PD Editorial: Vote early, but stick with mail ballots for California’s recall
California’s gubernatorial recall election already has almost six dozen potential candidates, dueling TV ad campaigns, even an animal rights lawsuit involving a rented bear.
What the recall doesn’t have yet is a date. But that may change soon — and the election may come sooner than expected.
As state lawmakers wrap up work on the 2021-22 budget, Democrats in Sacramento agreed to pick up $215 million in estimated expenses for the state’s 58 counties. They also want to speed up the clock on the election.
And why not?
The recall is a partisan gambit by the Republican Party, which hasn’t won a statewide election in California since 2007 but recognized an opportunity when Gov. Gavin Newsom attended a lobbyist’s birthday dinner at a swanky Napa Valley restaurant during the coronavirus lockdown.
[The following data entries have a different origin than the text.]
lemma mode2_unitary_conj:
  assumes V: "V \<in> carrier_mat (d * d) (d * d)" and comm: "V * LAB d = LAB d * V"
    and X: "X \<in> carrier_mat (d * d) (d * d)"
  shows "mode2 d j (V * X * mat_adjoint V) = V * mode2 d j X * mat_adjoint V"
proof (rule eq_matI)
  let ?ev = "\<lambda>r. int (LAB_eigenvalue d r)"
  fix s r assume "s < dim_row (V * mode2 d j X * mat_adjoint V)" "r < dim_col (V * mode2 d j X * mat_adjoint V)"
  hence s: "s < d * d" and r: "r < d * d" using V by auto
  have VXV: "V * X * mat_adjoint V \<in> carrier_mat (d * d) (d * d)" using V X by auto
  have "mode2 d j (V * X * mat_adjoint V) $$ (s,r) =
      (\<Sum>t<d * d. \<Sum>u<d * d. if ?ev s = ?ev r + j then V $$ (s,t) * X $$ (t,u) * cnj (V $$ (r,u)) else 0)"
    using s r by (cases "?ev s = ?ev r + j") (simp_all add: mode2_eq_mat[OF VXV] index_mult_mult_adjoint[OF V X])
  also have "\<dots> = (\<Sum>t<d * d. \<Sum>u<d * d. V $$ (s,t) * mode2 d j X $$ (t,u) * cnj (V $$ (r,u)))"
  proof (intro sum.cong refl)
    fix t u assume "t \<in> {..<d * d}" "u \<in> {..<d * d}"
    hence t: "t < d * d" and u: "u < d * d" by auto
    show "(if ?ev s = ?ev r + j then V $$ (s,t) * X $$ (t,u) * cnj (V $$ (r,u)) else 0) =
        V $$ (s,t) * mode2 d j X $$ (t,u) * cnj (V $$ (r,u))"
    proof (cases "V $$ (s,t) = 0 \<or> V $$ (r,u) = 0")
      case False
      hence "LAB_eigenvalue d s = LAB_eigenvalue d t" "LAB_eigenvalue d r = LAB_eigenvalue d u"
        using commutes_LAB_imp_block_diagonal[OF V comm] s r t u by auto
      thus ?thesis using t u by (simp add: mode2_eq_mat[OF X])
    qed auto
  qed
  also have "\<dots> = (V * mode2 d j X * mat_adjoint V) $$ (s,r)"
    by (rule index_mult_mult_adjoint[OF V mode2_carrier[OF X] s r, symmetric])
  finally show "mode2 d j (V * X * mat_adjoint V) $$ (s,r) = (V * mode2 d j X * mat_adjoint V) $$ (s,r)" .
qed (use mode2_carrier[OF mult_carrier_mat[OF mult_carrier_mat[OF V X] mat_adjoint_carrier[OF V]]] V in auto)

lemma pair_index_less: "(a :: nat) < d \<Longrightarrow> b < d \<Longrightarrow> a * d + b < d * d"
proof -
  assume a: "a < d" and b: "b < d"
  have "a * d + b < (a + 1) * d" using b by simp
  also have "\<dots> \<le> d * d" using a by (intro mult_right_mono) auto
  finally show ?thesis .
qed
(* Let $\alpha\ge0$ and let $a<b$ be real numbers, with $a>0$ if $\alpha>0$. Let $$f_{\alpha,a}(x)=\frac1{2\pi}\sqrt{\frac{b-x}{x-a}}\Big(2x+b-a-2\alpha\sqrt{\frac ab}\frac1x\Big),\qquad x\in\,]a,b]$$ (for $\alpha=0$ the last term is absent). Then $f_{\alpha,a}(x)\,dx$ defines a probability measure on $]a,b]$ if and only if $\psi_\alpha(b,a)=0$ and $\varphi_\alpha(b,a)\ge0$, where $$\varphi_\alpha(x,a)=x+a-\frac{2\alpha}{\sqrt{ax}},\qquad \psi_\alpha(x,a)=\frac34(x-a)^2+a(x-a)+2\alpha\frac{\sqrt a}{\sqrt x}-2\alpha-2$$ (for $\alpha=0$: $\varphi_0(x,a)=x+a$, $\psi_0(x,a)=\frac34(x-a)^2+a(x-a)-2$). *)

theory Defs
  imports "HOL-Probability.Probability"
begin

text \<open>The density f_{alpha,a} on ]a,b]. For alpha = 0 the last term vanishes
  (the factor 2*alpha is 0), matching the paper's convention.\<close>
definition f_dens :: "real \<Rightarrow> real \<Rightarrow> real \<Rightarrow> real \<Rightarrow> real" where
  "f_dens \<alpha> a b x =
     1 / (2 * pi) * sqrt ((b - x) / (x - a)) *
       (2 * x + b - a - 2 * \<alpha> * sqrt (a / b) * (1 / x))"

definition phi :: "real \<Rightarrow> real \<Rightarrow> real \<Rightarrow> real" where
  "phi \<alpha> x a = x + a - 2 * \<alpha> / sqrt (a * x)"

definition psi :: "real \<Rightarrow> real \<Rightarrow> real \<Rightarrow> real" where
  "psi \<alpha> x a = 3 / 4 * (x - a)^2 + a * (x - a) + 2 * \<alpha> * sqrt a / sqrt x - 2 * \<alpha> - 2"

definition defines_prob_measure :: "(real \<Rightarrow> real) \<Rightarrow> real set \<Rightarrow> bool" where
  "defines_prob_measure f S \<longleftrightarrow>
     (AE x in lborel. x \<in> S \<longrightarrow> 0 \<le> f x) \<and>
     prob_space (density (restrict_space lborel S) (\<lambda>x. ennreal (f x)))"

end

theory Submission
  imports Defs
begin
Seven months later, with polls showing Newsom comfortably ahead and the state emerging from the lockdown, no one should be surprised if Democrats play politics, too.
But their latest plan threatens to go a step too far.
In addition to authorizing state payment of county costs for the recall, a budget trailer would considerably shorten the window for calling the election, bringing it up from November to late August or September.
That’s fine, too — so long as the recall is consolidated with previously scheduled local elections.
Our choice would be Sept. 14, which would coincide with Sonoma County’s district attorney recall. County election officials around the state also favor Sept. 14, or later, explaining in a letter this week that they will need at least that much time to get ballots and other election material printed.
Here’s the potential problem with the Democrats’ plan: Legislators are contemplating setting aside the 2020 plan that produced a record 17.7 million votes — and California’s largest turnout of registered voters in a presidential election since 1976.
For the 2020 election, a ballot was mailed to every active voter, and counties reduced the number of in-person voting precincts. The state has encouraged counties to make that standard practice for all elections. But Assembly Bill 152, a budget trailer bill awaiting action in a Senate committee, would restore pre-pandemic rules for the recall.
Donna Johnston, the Sutter County registrar of voters and president of the state association of election officials, told CalMatters that AB 152 would require more in-person polling places, open for more days. Counties would have to find those locations and the people to staff them.
If the full complement of voting precincts is open, presumably only permanent absentee voters would automatically get a ballot in the mail.
A ballot arriving in the mail might get returned, even if someone somehow missed John Cox’s rented bear, Caitlyn Jenner’s cliché-packed TV interviews and whatever recall shenanigans are yet to come. Meanwhile, history tells us that voters show up in smaller numbers for off-year elections, especially an off-year election held on an unusual date. That could benefit Democrats, who have a big edge in voter registration and strong motivation to hang on to the governor’s office.
California Democrats, like their counterparts across the country, are indignant about Republican efforts to suppress the vote in other states — and justifiably so. There’s no excuse for rewriting rules that increased participation here, even if it might advance Democrats’ goal of defeating the recall.
If Democrats want to get the election over with, that’s OK. But they shouldn’t try to stack the deck. Stick with the 2020 rules and send everyone a ballot.